§ **ASSIGNED TASK**
Every line from the beginning of the data through the line containing "by (simp add: moore_state_at_def" should be reproduced exactly, and no further lines should be output.

§ **RECORDS FOR THE TASK**
lemma da_le_degree:
  assumes "\<And>t. size_le_degree d (ACC A t)"
    and "d \<noteq> DNum 0" \<comment> \<open>\<open>da\<close> counts from 1, even for a PTA accepting no tree\<close>
  shows "deg_le (da A) d"
proof (cases d)
  case (DNum k)
  with assms have bound: "ACC_card_bound A k" and "1 \<le> k"
    by (auto simp: ACC_card_bound_def)
  then have "(LEAST k. 1 \<le> k \<and> ACC_card_bound A k) \<le> k"
    by (intro Least_le) simp
  with bound DNum show ?thesis
    by (auto simp: da_alt_def)
next
  case DFinite
  with assms have "\<forall>t. finite (ACC A t)" by simp
  with DFinite show ?thesis by (simp add: da_alt_def)
next
  case DAleph0
  with assms have "\<forall>t. countable (ACC A t)" by simp
  with DAleph0 show ?thesis by (simp add: da_alt_def)
next
  case DCont
  then show ?thesis by (cases "da A") simp_all
qed

lemma da_mono:
  assumes "\<And>t. ACC A t \<subseteq> g t ` ACC B (S t)"
  shows "deg_le (da A) (da B)"
  using assms da_neq_DNum_0
  by (intro da_le_degree) (auto intro: size_le_degree_subset_image[OF size_le_da])

definition moore_fun :: "('a, 'b) moore \<Rightarrow> 'a list \<Rightarrow> 'b" where
  "moore_fun M w = mout M (delta_hat M w)"

definition moore_state_at :: "('a, 'b) moore \<Rightarrow> 'a tree \<Rightarrow> dir list \<Rightarrow> nat" where
  "moore_state_at M t v = delta_hat M (map (\<lambda>i. t (take i v)) [0..<length v])"

lemma moore_state_at_Nil [simp]: "moore_state_at M t [] = minit M"
  by (simp add: moore_state_at_def delta_hat_def)
(* Let $(\Omega,\mathcal F,P,(\mathcal F_t)_{t=0}^T)$ be a filtered probability space with $\mathcal F_0$ trivial, and let $I$ be a finite set of agents. For each $i\in I$ let $(E^i_t)_{t=0}^{T-1}$ be an adapted nonnegative process (business-as-usual emissions of agent $i$ in $[t,t+1]$), and let $C^i_t:[0,\infty)\times\Omega\to\mathbb R$ be $\mathcal B([0,\infty))\otimes\mathcal F_t$-measurable with $x\mapsto C^i_t(x)(\omega)$ strictly convex and continuous and $C^i_t(0)=0$ for each $\omega$. Define the abatement volume $c^i_t(a)(\omega)=\arg\min\{C^i_t(x)(\omega)-ax: x\in[0,E^i_t(\omega)]\}$ for $a\ge 0$. Let $\pi>0$ be the penalty, and let $\gamma^i$, $i\in I$, be $\mathcal F_T$-measurable random variables (effective initial allocations) such that the $\mathcal F_{T-1}$-conditional distribution of $\sum_{i\in I}\gamma^i$ has almost surely no point masses (in particular $P(\sum_i\gamma^i=X)=0$ for every $\mathcal F_{T-1}$-measurable $X$). Let $U^i:\mathbb R\to\mathbb R$ be continuous, strictly increasing and concave, and $u^i(X)=E(U^i(X))$ whenever this expectation is finite or $+\infty$. For an adapted price process $A=(A_t)_{t=0}^T$ and an admissible policy $(\vartheta^i,\xi^i)\in\mathcal U^i:=\{(\vartheta^i,\xi^i): 0\le \xi^i_t\le E^i_t,\ t=0,\dots,T-1\}$ (with $\vartheta^i=(\vartheta^i_t)_{t=0}^T$, $\xi^i=(\xi^i_t)_{t=0}^{T-1}$ adapted) define $$L^{A,i}(\vartheta^i,\xi^i)=-\sum_{t=0}^{T-1}\big(\vartheta^i_tA_t+C^i_t(\xi^i_t)\big)-\vartheta^i_TA_T-\pi\Big(\sum_{t=0}^{T-1}(E^i_t-\xi^i_t-\vartheta^i_t)-\gamma^i-\vartheta^i_T\Big)^+ .$$ Suppose $A^*=(A^*_t)_{t=0}^T$ is an equilibrium allowance price process, i.e. for each $i\in I$ there is $(\vartheta^{*i},\xi^{*i})\in\mathcal U^i$ with $u^i(L^{A^*,i}(\vartheta^{*i},\xi^{*i}))$ finite such that (i) $\sum_{i\in I}\vartheta^{*i}_t=0$ for all $t=0,\dots,T$, and (ii) $u^i(L^{A^*,i}(\vartheta^{*i},\xi^{*i}))\ge u^i(L^{A^*,i}(\vartheta^i,\xi^i))$ for every $(\vartheta^i,\xi^i)\in\mathcal U^i$ for which the right-hand side exists. Then: (a) there exists a probability measure $Q$ equivalent to $P$ such that $(A^*_t)_{t=0}^T$ is a $Q$-martingale; (b) for each $i\in I$, $\xi^{*i}_t=c^i_t(A^*_t)$ for $t=0,\dots,T-1$; (c) $A^*_T=\pi\,1_{\{\sum_{i\in I}(\sum_{t=0}^{T-1}(E^i_t-\xi^{*i}_t)-\gamma^i)\ge 0\}}$.
   Context: Emissions market model: $\vartheta^i_t$ is the change at time $t$ in the number of allowances held by agent $i$, $\xi^i_t$ is the emission reduction of agent $i$ in $[t,t+1]$, $A_t$ is the allowance spot price, and a penalty $\pi$ is paid at $T$ per uncovered pollutant unit. The argmin defining $c^i_t(a)(\omega)$ is attained at a unique point by strict convexity and continuity. *)

theory Defs
  imports "HOL-Probability.Probability"
begin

§ **ANSWER TO THIS EXERCISE**
lemma da_le_degree:
  assumes "\<And>t. size_le_degree d (ACC A t)"
    and "d \<noteq> DNum 0" \<comment> \<open>\<open>da\<close> counts from 1, even for a PTA accepting no tree\<close>
  shows "deg_le (da A) d"
proof (cases d)
  case (DNum k)
  with assms have bound: "ACC_card_bound A k" and "1 \<le> k"
    by (auto simp: ACC_card_bound_def)
  then have "(LEAST k. 1 \<le> k \<and> ACC_card_bound A k) \<le> k"
    by (intro Least_le) simp
  with bound DNum show ?thesis
    by (auto simp: da_alt_def)
next
  case DFinite
  with assms have "\<forall>t. finite (ACC A t)" by simp
  with DFinite show ?thesis by (simp add: da_alt_def)
next
  case DAleph0
  with assms have "\<forall>t. countable (ACC A t)" by simp
  with DAleph0 show ?thesis by (simp add: da_alt_def)
next
  case DCont
  then show ?thesis by (cases "da A") simp_all
qed

lemma da_mono:
  assumes "\<And>t. ACC A t \<subseteq> g t ` ACC B (S t)"
  shows "deg_le (da A) (da B)"
  using assms da_neq_DNum_0
  by (intro da_le_degree) (auto intro: size_le_degree_subset_image[OF size_le_da])

definition moore_fun :: "('a, 'b) moore \<Rightarrow> 'a list \<Rightarrow> 'b" where
  "moore_fun M w = mout M (delta_hat M w)"

definition moore_state_at :: "('a, 'b) moore \<Rightarrow> 'a tree \<Rightarrow> dir list \<Rightarrow> nat" where
  "moore_state_at M t v = delta_hat M (map (\<lambda>i. t (take i v)) [0..<length v])"

lemma moore_state_at_Nil [simp]: "moore_state_at M t [] = minit M"
  by (simp add: moore_state_at_def delta_hat_def)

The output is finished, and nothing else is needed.